---------- DATA PROVIDED

lemma sep_weight_eq_pairs:
  "sep_weight \<alpha> \<beta> P = (\<Sum>j<length P. \<Sum>j'<j. pair_weight \<alpha> \<beta> (P ! j') (P ! j))"
proof (induction P)
  case (Cons B P)
  have "(\<Sum>j<length (B # P). \<Sum>j'<j. pair_weight \<alpha> \<beta> ((B # P) ! j') ((B # P) ! j))
      = (\<Sum>j<length P. pair_weight \<alpha> \<beta> B (P ! j) + (\<Sum>j'<j. pair_weight \<alpha> \<beta> (P ! j') (P ! j)))"
    by (simp only: length_Cons sum.lessThan_Suc_shift nth_Cons_0 nth_Cons_Suc) simp
  also have "\<dots> = sep_weight \<alpha> \<beta> (B # P)"
    using Cons.IH by (simp add: sum.distrib sum_list_sum_nth atLeast0LessThan)
  finally show ?case ..
qed simp

lemma sum_upper_triangle_swap:
  "(\<Sum>j<n. \<Sum>j'\<in>{Suc j..<n}. g j j') = (\<Sum>j'<n. \<Sum>j<j'. (g j j' :: 'a::comm_monoid_add))"
  by (induction n) (simp_all add: sum.distrib)

lemma sum_list_mult_sum:
  "(\<Sum>i\<leftarrow>xs. c i * (\<Sum>j\<in>A. f i j)) = (\<Sum>j\<in>A. \<Sum>i\<leftarrow>xs. c i * (f i j :: 'a::comm_semiring_0))"
  by (induction xs) (simp_all add: sum_distrib_left sum.distrib)

lemma sep_weight_elementwise:
  "sep_weight \<alpha> \<beta> P = (\<Sum>j<length P. \<Sum>i\<leftarrow>fst (P ! j).
      \<alpha> (blk_cls (P ! j) i) * (\<Sum>j'<j. of_bool (blk_separates (P ! j') i))
    + \<beta> (blk_cls (P ! j) i) * (\<Sum>j'\<in>{Suc j..<length P}. of_bool (blk_separates (P ! j') i)))"
proof -
  let ?n = "length P"
  have "(\<Sum>j<?n. \<Sum>i\<leftarrow>fst (P ! j).
      \<alpha> (blk_cls (P ! j) i) * (\<Sum>j'<j. of_bool (blk_separates (P ! j') i))
    + \<beta> (blk_cls (P ! j) i) * (\<Sum>j'\<in>{Suc j..<?n}. of_bool (blk_separates (P ! j') i)))
    = (\<Sum>j<?n. \<Sum>j'<j. left_weight \<alpha> (P ! j') (P ! j))
      + (\<Sum>j<?n. \<Sum>j'\<in>{Suc j..<?n}. right_weight \<beta> (P ! j) (P ! j'))"
    by (simp add: sum_list_addf sum.distrib sum_list_mult_sum left_weight_def right_weight_def
        del: sum_of_bool_eq)
  also have "\<dots> = (\<Sum>j<?n. \<Sum>j'<j. pair_weight \<alpha> \<beta> (P ! j') (P ! j))"
    by (simp add: sum_upper_triangle_swap pair_weight_def sum.distrib)
  finally show ?thesis by (simp add: sep_weight_eq_pairs)
qed

lemma sum_classes_eq_sum_elements:
  "(\<Sum>X\<in>{Sing, Cont, Op, Clos}. \<alpha> X * lsg_cls X \<sigma> + \<beta> X * rsg_cls X \<sigma>)
    = (\<Sum>i\<in>set \<sigma>. \<alpha> (cls_of \<sigma> i) * lsg \<sigma> i + \<beta> (cls_of \<sigma> i) * rsg \<sigma> i)"
proof -
  have "cls_of \<sigma> ` set \<sigma> \<subseteq> {Sing, Cont, Op, Clos}"
    using cls.exhaust by blast
  then have "(\<Sum>i\<in>set \<sigma>. \<alpha> (cls_of \<sigma> i) * lsg \<sigma> i + \<beta> (cls_of \<sigma> i) * rsg \<sigma> i)
      = (\<Sum>X\<in>{Sing, Cont, Op, Clos}. \<Sum>i\<in>{i\<in>set \<sigma>. cls_of \<sigma> i = X}.
           \<alpha> (cls_of \<sigma> i) * lsg \<sigma> i + \<beta> (cls_of \<sigma> i) * rsg \<sigma> i)"
    by (intro sum.group[symmetric]) auto
  also have "\<dots> = (\<Sum>X\<in>{Sing, Cont, Op, Clos}. \<alpha> X * lsg_cls X \<sigma> + \<beta> X * rsg_cls X \<sigma>)"
    unfolding lsg_cls_def rsg_cls_def
    by (intro sum.cong refl) (simp add: sum_distrib_left sum.distrib)
  finally show ?thesis ..
qed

--------------------

• [WHAT YOU HAVE TO DO]: Find out how many lines of the listing above include the word "lemma", and give that number alone.

• [REPLY]: 5